__TASK REQUIREMENTS__. Exactly the lines from the first line of the listing through the line containing "by (simp add: lookup_add" should appear in the output, unchanged.

^^^^^^^^^^^^^^^^

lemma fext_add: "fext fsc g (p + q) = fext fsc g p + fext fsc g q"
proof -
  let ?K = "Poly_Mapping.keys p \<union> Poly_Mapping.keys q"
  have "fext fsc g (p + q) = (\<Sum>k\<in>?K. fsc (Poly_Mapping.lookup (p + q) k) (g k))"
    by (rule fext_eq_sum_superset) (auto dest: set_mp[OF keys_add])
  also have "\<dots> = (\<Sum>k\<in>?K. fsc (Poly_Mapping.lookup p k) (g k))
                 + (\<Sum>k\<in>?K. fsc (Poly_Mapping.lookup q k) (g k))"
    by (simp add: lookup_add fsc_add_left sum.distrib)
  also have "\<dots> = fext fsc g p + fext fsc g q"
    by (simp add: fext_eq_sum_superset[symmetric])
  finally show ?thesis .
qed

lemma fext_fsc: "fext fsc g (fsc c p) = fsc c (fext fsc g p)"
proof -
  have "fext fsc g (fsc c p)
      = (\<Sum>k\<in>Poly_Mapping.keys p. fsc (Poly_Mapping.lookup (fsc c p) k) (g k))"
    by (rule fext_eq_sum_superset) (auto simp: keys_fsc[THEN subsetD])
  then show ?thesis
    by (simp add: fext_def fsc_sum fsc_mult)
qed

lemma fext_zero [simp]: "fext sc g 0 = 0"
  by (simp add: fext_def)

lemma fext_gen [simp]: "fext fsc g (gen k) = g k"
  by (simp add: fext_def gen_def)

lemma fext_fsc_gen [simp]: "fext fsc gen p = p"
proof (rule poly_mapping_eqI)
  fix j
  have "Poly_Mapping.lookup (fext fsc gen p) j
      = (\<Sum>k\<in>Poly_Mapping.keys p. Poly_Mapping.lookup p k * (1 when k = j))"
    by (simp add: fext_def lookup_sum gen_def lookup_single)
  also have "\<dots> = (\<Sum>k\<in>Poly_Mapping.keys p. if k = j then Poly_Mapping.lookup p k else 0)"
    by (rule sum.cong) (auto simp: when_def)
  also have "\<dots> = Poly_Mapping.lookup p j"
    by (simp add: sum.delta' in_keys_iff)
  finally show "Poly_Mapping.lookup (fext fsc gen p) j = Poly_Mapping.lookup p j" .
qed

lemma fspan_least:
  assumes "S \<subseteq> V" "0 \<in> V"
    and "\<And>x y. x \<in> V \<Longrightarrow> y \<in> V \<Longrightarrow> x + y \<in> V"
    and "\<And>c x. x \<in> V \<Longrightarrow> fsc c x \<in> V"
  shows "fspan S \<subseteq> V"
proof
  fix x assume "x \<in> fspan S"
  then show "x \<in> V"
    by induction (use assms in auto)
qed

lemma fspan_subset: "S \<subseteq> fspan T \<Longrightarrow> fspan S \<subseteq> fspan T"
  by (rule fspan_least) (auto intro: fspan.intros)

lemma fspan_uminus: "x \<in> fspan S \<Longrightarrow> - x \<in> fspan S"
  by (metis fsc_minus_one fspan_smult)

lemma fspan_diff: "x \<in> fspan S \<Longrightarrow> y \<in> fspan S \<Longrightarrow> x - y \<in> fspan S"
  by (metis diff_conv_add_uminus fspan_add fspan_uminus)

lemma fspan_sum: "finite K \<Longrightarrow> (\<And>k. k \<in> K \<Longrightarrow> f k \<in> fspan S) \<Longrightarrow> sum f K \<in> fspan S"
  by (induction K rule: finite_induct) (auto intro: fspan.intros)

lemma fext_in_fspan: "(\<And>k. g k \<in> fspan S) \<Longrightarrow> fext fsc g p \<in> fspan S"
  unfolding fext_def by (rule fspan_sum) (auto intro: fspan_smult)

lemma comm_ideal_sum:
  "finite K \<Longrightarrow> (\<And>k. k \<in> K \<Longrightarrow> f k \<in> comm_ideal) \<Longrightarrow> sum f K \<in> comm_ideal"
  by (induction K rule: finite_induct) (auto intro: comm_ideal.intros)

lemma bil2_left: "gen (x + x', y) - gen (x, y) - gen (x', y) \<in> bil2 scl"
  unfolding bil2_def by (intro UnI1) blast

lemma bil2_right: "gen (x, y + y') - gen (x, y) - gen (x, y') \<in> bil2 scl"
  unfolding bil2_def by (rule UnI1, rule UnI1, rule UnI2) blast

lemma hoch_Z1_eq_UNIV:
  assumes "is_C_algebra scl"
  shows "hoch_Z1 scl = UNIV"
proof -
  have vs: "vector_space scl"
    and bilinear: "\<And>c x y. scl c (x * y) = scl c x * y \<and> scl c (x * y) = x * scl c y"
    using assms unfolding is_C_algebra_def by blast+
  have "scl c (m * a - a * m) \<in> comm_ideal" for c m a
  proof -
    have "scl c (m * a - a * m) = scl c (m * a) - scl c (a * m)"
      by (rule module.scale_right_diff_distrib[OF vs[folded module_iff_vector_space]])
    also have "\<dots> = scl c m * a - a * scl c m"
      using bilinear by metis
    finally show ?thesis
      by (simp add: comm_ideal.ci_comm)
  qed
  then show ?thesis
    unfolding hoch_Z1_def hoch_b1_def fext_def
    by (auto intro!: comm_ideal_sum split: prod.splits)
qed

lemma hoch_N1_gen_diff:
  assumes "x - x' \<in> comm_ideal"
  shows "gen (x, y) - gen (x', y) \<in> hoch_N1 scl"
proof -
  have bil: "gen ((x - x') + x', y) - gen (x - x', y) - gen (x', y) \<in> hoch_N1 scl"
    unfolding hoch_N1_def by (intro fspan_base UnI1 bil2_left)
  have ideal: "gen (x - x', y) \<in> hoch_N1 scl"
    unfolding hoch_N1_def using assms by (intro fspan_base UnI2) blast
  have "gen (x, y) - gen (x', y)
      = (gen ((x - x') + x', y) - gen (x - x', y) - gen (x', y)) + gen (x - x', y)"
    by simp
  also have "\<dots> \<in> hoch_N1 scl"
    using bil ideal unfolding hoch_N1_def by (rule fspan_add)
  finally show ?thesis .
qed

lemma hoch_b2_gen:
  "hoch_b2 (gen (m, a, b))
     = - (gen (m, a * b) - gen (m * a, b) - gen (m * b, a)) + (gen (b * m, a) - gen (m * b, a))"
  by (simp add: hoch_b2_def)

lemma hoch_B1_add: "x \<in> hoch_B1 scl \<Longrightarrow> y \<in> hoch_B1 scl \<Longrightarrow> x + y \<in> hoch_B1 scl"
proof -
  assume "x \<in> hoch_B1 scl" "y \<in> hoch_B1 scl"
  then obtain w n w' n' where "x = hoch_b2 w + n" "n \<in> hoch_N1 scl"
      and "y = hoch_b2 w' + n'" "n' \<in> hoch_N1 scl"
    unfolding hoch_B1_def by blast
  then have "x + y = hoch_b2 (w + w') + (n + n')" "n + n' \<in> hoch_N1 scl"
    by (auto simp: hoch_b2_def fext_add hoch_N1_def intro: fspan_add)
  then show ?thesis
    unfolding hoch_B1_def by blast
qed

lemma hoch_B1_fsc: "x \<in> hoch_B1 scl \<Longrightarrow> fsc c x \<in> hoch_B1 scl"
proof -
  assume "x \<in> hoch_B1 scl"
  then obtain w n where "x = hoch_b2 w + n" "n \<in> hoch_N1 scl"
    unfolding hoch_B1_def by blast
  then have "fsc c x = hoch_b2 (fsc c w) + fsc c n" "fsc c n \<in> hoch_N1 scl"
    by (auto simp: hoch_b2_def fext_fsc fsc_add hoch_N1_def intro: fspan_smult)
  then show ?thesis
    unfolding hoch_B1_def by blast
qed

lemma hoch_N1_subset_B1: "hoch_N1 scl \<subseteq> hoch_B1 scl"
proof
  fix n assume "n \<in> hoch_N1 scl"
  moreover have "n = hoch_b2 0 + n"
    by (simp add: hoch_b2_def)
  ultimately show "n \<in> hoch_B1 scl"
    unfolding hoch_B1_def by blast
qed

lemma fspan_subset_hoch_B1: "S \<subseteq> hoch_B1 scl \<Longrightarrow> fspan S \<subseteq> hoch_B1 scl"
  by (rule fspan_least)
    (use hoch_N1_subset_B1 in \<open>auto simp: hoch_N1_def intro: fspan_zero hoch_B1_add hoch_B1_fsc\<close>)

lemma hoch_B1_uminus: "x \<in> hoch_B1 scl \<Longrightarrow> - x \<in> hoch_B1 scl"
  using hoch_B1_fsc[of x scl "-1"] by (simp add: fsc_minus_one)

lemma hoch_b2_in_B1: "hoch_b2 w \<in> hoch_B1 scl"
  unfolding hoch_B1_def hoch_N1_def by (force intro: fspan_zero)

^^^^^^^^^^^^^^^^

__SOLUTION FOR THIS EXERCISE__.
lemma fext_add: "fext fsc g (p + q) = fext fsc g p + fext fsc g q"
proof -
  let ?K = "Poly_Mapping.keys p \<union> Poly_Mapping.keys q"
  have "fext fsc g (p + q) = (\<Sum>k\<in>?K. fsc (Poly_Mapping.lookup (p + q) k) (g k))"
    by (rule fext_eq_sum_superset) (auto dest: set_mp[OF keys_add])
  also have "\<dots> = (\<Sum>k\<in>?K. fsc (Poly_Mapping.lookup p k) (g k))
                 + (\<Sum>k\<in>?K. fsc (Poly_Mapping.lookup q k) (g k))"
    by (simp add: lookup_add fsc_add_left sum.distrib)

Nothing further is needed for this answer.